Adaptive Item Selection
It was confirmed that adaptive item selection achieved greater measurement precision than nonadaptive but optimal item selection. However, the incremental gain was much smaller than those reported in similar FC CAT literature (e.g., Joo et al., 2019; Stark & Chernyshenko, 2007, 2011; Stark et al., 2012). One contributing factor to this was the choice of baseline reference—while CAT research typically adopted random item selection with some content constraints as the baseline for comparison, this study chose a tougher competitor that incorporated optimal item selection to maximize information gain at the population average. In real-life assessments, random item selection is rarely used, so a nonadaptive but optimal item selection represents a more realistic operational baseline for comparison. In other words, this study explored the practical return on investment when converting an otherwise-optimized static assessment into an adaptive one. Another contributing factor to the small adaptive advantage was the very limited item bank, with each FC assessment using up 240 out of 279 available items, thus greatly limiting the possibility and potential of adaptive item selection toward the end of the assessment sessions. The limiting effect of the item bank was made more severe by its relatively low discrimination parameters (Table 2). As described by Davey and Nering (2002), items with high discriminations are intense “spotlights” that focus on measuring a small region in the trait space, whereas items with low discriminations are less-intense “floodlights” that give less targeted information but over a larger region in the trait space. The bank of HEXACO adjectives had more “floodlights” than “spotlights,” but the latter is needed for CAT to “zoom in” on a candidate’s scores effectively. Therefore, the presence of a large, varied and discriminating item bank would likely be a prerequisite for effective FC CAT.
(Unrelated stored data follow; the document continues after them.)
definition exp_weight :: "('w::finite \<Rightarrow> nat) \<Rightarrow> ('w \<Rightarrow> nat) \<Rightarrow> ('w \<Rightarrow> nat) \<Rightarrow> ('w \<Rightarrow> nat) \<Rightarrow> real" where
  "exp_weight c a a' \<alpha> = (\<Prod>w\<in>UNIV. real (vdm_weight (c w) (a w) (a' w) (\<alpha> w)))"

lemma sum_exp_weight:
  assumes "a \<le> c" "a' \<le> c"
  shows "(\<Sum>\<alpha>\<in>{..a'}. exp_weight c a a' \<alpha>) = exp_fact c"
proof -
  have "(\<Sum>\<alpha>\<in>{..a'}. exp_weight c a a' \<alpha>) = (\<Prod>w\<in>UNIV. \<Sum>k\<le>a' w. real (vdm_weight (c w) (a w) (a' w) k))"
    unfolding exp_weight_def atMost_fun_eq_PiE by (subst prod_sum_PiE) auto
  also have "\<dots> = exp_fact c"
    unfolding exp_fact_def of_nat_sum[symmetric] using assms
    by (intro prod.cong refl) (simp add: sum_vdm_weight le_fun_def del: of_nat_sum)
  finally show ?thesis .
qed

lemma exp_weight_nonzero:
  assumes "exp_weight c a a' \<alpha> \<noteq> 0"
  shows "\<alpha> \<le> a \<and> a' - \<alpha> \<le> c - a"
proof -
  have "vdm_weight (c w) (a w) (a' w) (\<alpha> w) \<noteq> 0" for w
    using assms unfolding exp_weight_def by (simp add: prod_zero_iff)
  then show ?thesis
    using vdm_weight_nonzero unfolding le_fun_def fun_diff_def by blast
qed
lemma index_mult_eq_if_row_blocks_mult_eq:
  assumes D: "D \<in> carrier_mat (m * p) nl" and \<Lambda>: "\<Lambda> \<subseteq> {..<m}"
    and vw: "v \<in> carrier_vec nl" "w \<in> carrier_vec nl"
    and eq: "row_blocks p D \<Lambda> *\<^sub>v v = row_blocks p D \<Lambda> *\<^sub>v w" and q: "q \<in> block_rows p \<Lambda>"
  shows "(D *\<^sub>v v) $ q = (D *\<^sub>v w) $ q"
proof -
  let ?I = "block_rows p \<Lambda>"
  define k where "k = card {a \<in> ?I. a < q}"
  have k: "k < card ?I"
    unfolding k_def using finite_block_rows[OF \<Lambda>] q by (intro psubset_card_mono) auto
  have q_eq: "pick ?I k = q" unfolding k_def by (rule pick_card_in_set[OF q])
  have "(D *\<^sub>v v) $ q = (row_blocks p D \<Lambda> *\<^sub>v v) $ k"
    using index_row_blocks_mult[OF D \<Lambda> vw(1) k] q_eq by simp
  also have "\<dots> = (D *\<^sub>v w) $ q"
    using index_row_blocks_mult[OF D \<Lambda> vw(2) k] q_eq eq by simp
  finally show ?thesis .
qed

lemma sigma_K_le_sigma_min_row_blocks:
  fixes E :: "nat \<Rightarrow> 'b::euclidean_space"
  assumes E: "basis_family E nl" and D: "D \<in> carrier_mat (m * p) nl" and nsurj: "\<not> mat_surj D"
    and \<Lambda>: "\<Lambda> \<subseteq> {..<m}" "card \<Lambda> = m - K"
    and nz: "row_blocks p D \<Lambda> \<noteq> 0\<^sub>m (card (block_rows p \<Lambda>)) nl"
  shows "0 < sigma_K K m p D" "sigma_K K m p D \<le> sigma_min (row_blocks p D \<Lambda>)"
proof -
  define S where "S = {sigma_min (row_blocks p D \<Lambda>') | \<Lambda>'. \<Lambda>' \<subseteq> {..<m} \<and> card \<Lambda>' = m - K \<and>
      row_blocks p D \<Lambda>' \<noteq> 0\<^sub>m (dim_row (row_blocks p D \<Lambda>')) (dim_col D)}"
  have sK: "sigma_K K m p D = Min S" unfolding sigma_K_def S_def using nsurj by simp
  have fin: "finite S"
    by (rule finite_subset[of _ "(\<lambda>\<Lambda>'. sigma_min (row_blocks p D \<Lambda>')) ` Pow {..<m}"])
      (auto simp: S_def)
  have "row_blocks p D \<Lambda> \<noteq> 0\<^sub>m (dim_row (row_blocks p D \<Lambda>)) (dim_col D)"
    using nz row_blocks_carrier[OF D \<Lambda>(1)] D by simp
  then have mem: "sigma_min (row_blocks p D \<Lambda>) \<in> S"
    unfolding S_def using \<Lambda> by blast
  have pos: "0 < s" if s: "s \<in> S" for s
  proof -
    obtain \<Lambda>' where \<Lambda>': "\<Lambda>' \<subseteq> {..<m}" "s = sigma_min (row_blocks p D \<Lambda>')"
      "row_blocks p D \<Lambda>' \<noteq> 0\<^sub>m (dim_row (row_blocks p D \<Lambda>')) (dim_col D)"
      using s unfolding S_def by auto
    have "row_blocks p D \<Lambda>' \<noteq> 0\<^sub>m (card (block_rows p \<Lambda>')) nl"
      using \<Lambda>'(3) row_blocks_carrier[OF D \<Lambda>'(1)] D by simp
    then show ?thesis
      using sigma_min_pos_and_bound(1)[OF E row_blocks_carrier[OF D \<Lambda>'(1)]] \<Lambda>'(2) by simp
  qed
  have "Min S \<in> S" using Min_in[OF fin] mem by blast
  then show "0 < sigma_K K m p D" unfolding sK by (rule pos)
  show "sigma_K K m p D \<le> sigma_min (row_blocks p D \<Lambda>)" unfolding sK by (rule Min_le[OF fin mem])
qed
Although the effects of adaptive item selection were very small (although still consistent and significant) at the sample level, it became more prominent for certain individuals. In particular, score profiles that were further away from the origin/population mean benefited more from adaptive item selection. Furthermore, adaptive item selection was more successful at certain trait values, suggesting that its effectiveness might be highly dependent on the composition of the item pool (e.g., the distribution of item mean utility values and how they overlap between scales, the distribution of item loading and uniqueness parameters and how much information is achievable at each location of the trait space, the proportion of negatively keyed items and how easily they can be slotted into MFC pairs, and how these item bank characteristics interact between scales during test construction), as well as the characteristics of the target candidate population (i.e., how well does the item bank match the candidates’ score distributions). Such interactions made the generalization of results across different item banks particularly difficult, and further studies with different item banks would be desirable to understand FC CAT better.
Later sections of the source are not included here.